EXERCISE DESCRIPTION: Up to and including the line with "ultimately show ?thesis", repeat every line of the listing exactly, beginning at the first.

• • • • •

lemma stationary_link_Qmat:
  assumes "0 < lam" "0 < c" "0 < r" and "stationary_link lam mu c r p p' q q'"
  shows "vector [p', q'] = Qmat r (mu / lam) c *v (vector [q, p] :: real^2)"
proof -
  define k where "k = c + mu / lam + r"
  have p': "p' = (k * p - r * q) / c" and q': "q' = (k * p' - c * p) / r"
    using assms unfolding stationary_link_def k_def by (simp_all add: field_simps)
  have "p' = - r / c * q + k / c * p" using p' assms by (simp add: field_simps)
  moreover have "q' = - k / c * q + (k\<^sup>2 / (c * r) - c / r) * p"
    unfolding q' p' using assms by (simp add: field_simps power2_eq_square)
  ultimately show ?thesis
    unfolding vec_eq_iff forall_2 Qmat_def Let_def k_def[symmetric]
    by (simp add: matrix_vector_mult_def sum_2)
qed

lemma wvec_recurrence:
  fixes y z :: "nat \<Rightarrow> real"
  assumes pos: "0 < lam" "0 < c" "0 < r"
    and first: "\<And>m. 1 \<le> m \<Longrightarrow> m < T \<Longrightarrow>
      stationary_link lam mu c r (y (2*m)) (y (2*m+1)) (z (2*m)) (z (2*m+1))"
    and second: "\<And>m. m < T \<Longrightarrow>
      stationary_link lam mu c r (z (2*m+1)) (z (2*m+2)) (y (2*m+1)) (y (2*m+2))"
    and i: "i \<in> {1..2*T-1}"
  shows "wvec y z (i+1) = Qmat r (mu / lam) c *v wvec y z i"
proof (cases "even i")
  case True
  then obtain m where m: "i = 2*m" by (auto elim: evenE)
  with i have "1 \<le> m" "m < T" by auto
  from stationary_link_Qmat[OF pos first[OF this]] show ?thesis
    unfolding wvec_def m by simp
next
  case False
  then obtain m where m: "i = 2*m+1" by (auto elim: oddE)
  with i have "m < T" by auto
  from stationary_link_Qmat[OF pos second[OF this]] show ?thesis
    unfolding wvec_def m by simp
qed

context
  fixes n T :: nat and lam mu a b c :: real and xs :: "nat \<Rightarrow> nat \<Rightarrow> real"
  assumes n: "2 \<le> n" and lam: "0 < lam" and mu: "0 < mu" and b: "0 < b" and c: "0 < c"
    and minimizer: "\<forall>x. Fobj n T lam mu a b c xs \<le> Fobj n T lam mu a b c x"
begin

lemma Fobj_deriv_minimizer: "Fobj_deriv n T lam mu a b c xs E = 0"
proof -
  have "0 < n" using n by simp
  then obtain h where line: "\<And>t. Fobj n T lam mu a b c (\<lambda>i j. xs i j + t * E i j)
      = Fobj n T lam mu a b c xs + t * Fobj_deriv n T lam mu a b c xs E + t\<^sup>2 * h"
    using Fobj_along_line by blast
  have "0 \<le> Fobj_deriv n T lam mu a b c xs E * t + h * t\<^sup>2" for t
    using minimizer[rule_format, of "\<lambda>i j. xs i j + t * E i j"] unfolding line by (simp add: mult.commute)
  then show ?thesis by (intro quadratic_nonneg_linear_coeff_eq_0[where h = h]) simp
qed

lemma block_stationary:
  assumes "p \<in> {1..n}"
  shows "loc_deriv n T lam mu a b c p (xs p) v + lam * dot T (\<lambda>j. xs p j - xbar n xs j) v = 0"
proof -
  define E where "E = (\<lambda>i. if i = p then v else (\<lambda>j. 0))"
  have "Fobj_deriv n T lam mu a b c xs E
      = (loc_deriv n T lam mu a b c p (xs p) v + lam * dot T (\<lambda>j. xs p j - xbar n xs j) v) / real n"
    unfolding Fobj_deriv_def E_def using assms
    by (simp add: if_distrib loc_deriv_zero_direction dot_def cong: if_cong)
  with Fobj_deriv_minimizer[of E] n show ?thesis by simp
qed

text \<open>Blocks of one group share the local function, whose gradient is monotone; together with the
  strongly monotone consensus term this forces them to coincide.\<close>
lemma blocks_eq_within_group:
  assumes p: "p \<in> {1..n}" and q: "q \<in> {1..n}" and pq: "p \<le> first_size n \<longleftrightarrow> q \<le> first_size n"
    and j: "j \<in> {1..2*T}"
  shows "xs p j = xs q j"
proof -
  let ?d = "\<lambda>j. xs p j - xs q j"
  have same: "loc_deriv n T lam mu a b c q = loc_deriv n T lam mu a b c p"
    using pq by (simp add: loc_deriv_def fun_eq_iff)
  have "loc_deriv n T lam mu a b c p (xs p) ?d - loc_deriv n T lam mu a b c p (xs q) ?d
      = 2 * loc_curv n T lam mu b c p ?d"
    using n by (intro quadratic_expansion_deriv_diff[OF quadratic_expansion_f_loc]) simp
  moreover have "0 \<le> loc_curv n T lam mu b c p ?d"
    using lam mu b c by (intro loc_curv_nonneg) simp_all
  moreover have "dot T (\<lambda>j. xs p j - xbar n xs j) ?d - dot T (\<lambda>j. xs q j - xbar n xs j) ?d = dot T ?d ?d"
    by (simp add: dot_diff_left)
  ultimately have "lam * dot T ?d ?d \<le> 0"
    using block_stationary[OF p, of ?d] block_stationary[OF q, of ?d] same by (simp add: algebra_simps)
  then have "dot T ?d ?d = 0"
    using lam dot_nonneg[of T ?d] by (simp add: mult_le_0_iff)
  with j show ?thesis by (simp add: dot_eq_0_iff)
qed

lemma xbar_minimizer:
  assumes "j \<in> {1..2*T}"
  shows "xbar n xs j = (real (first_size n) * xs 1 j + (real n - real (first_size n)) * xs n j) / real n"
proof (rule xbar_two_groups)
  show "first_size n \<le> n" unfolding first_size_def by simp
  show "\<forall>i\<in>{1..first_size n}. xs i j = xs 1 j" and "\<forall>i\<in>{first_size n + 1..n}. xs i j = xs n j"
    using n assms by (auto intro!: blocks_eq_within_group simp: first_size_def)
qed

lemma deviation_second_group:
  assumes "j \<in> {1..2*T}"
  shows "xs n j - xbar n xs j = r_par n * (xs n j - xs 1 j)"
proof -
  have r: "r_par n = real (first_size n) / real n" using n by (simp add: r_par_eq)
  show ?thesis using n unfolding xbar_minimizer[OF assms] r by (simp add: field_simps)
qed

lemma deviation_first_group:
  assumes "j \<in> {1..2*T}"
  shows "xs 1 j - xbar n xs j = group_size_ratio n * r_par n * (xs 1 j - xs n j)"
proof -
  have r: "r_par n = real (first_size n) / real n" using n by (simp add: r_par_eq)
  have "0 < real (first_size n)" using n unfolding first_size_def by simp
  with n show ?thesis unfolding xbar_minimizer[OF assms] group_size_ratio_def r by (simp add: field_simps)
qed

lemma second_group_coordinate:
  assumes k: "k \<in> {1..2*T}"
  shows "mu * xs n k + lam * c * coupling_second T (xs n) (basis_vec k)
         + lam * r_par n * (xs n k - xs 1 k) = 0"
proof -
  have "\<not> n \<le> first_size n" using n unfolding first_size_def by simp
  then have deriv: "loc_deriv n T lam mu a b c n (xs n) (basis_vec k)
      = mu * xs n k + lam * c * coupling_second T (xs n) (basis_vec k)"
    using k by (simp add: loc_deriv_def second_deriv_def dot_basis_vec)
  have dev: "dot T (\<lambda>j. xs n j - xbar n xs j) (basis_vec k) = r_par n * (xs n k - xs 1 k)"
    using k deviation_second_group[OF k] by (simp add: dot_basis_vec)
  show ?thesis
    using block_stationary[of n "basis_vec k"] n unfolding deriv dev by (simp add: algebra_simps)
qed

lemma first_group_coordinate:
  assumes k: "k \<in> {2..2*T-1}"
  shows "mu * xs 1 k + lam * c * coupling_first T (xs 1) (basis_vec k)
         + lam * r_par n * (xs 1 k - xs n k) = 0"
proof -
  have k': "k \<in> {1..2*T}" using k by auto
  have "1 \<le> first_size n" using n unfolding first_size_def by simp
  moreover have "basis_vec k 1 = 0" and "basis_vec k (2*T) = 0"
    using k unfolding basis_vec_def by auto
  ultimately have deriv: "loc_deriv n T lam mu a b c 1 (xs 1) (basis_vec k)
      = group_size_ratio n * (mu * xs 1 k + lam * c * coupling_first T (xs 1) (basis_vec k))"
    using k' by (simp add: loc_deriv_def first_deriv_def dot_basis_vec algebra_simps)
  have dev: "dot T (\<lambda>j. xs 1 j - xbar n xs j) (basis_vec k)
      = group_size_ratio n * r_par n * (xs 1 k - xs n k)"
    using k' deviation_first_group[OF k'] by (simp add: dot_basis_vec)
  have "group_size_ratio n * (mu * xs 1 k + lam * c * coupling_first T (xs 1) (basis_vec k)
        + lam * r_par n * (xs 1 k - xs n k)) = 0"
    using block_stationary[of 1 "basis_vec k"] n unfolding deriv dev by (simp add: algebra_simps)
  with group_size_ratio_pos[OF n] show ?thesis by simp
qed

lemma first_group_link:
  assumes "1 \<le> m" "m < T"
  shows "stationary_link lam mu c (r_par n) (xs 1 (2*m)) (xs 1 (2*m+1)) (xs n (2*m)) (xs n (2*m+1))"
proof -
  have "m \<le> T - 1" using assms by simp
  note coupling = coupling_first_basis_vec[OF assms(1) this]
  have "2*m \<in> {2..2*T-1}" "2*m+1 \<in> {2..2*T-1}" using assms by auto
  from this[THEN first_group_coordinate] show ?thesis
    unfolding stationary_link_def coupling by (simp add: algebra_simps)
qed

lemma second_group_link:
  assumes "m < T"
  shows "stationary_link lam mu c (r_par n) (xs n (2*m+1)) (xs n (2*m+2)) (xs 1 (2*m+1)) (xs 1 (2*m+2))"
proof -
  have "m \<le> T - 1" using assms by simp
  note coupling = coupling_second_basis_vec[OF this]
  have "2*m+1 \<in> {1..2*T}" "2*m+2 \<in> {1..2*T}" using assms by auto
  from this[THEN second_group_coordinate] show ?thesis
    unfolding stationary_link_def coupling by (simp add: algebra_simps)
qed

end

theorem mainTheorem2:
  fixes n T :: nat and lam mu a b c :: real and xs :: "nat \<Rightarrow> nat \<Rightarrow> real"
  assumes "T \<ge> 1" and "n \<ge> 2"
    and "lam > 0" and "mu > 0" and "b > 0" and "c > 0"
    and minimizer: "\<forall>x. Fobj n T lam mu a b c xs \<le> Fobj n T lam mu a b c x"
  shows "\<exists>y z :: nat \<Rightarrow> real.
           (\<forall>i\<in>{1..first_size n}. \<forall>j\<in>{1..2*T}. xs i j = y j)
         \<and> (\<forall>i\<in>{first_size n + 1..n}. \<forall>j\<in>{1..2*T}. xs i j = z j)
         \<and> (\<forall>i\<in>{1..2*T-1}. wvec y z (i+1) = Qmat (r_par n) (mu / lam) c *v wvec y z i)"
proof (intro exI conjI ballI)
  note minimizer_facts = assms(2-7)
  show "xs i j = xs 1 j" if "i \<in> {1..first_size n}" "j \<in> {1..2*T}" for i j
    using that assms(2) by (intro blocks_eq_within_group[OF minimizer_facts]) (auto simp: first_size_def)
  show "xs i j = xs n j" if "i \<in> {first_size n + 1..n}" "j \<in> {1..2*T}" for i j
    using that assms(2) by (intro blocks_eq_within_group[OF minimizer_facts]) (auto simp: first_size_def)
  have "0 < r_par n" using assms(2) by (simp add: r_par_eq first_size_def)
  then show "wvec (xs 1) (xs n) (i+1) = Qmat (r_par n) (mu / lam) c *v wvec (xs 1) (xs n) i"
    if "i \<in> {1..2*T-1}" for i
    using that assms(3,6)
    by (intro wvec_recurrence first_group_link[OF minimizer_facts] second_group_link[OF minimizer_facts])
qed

• • • • •

EXERCISE OUTPUT:
lemma stationary_link_Qmat:
  assumes "0 < lam" "0 < c" "0 < r" and "stationary_link lam mu c r p p' q q'"
  shows "vector [p', q'] = Qmat r (mu / lam) c *v (vector [q, p] :: real^2)"
proof -
  define k where "k = c + mu / lam + r"
  have p': "p' = (k * p - r * q) / c" and q': "q' = (k * p' - c * p) / r"
    using assms unfolding stationary_link_def k_def by (simp_all add: field_simps)
  have "p' = - r / c * q + k / c * p" using p' assms by (simp add: field_simps)
  moreover have "q' = - k / c * q + (k\<^sup>2 / (c * r) - c / r) * p"
    unfolding q' p' using assms by (simp add: field_simps power2_eq_square)
  ultimately show ?thesis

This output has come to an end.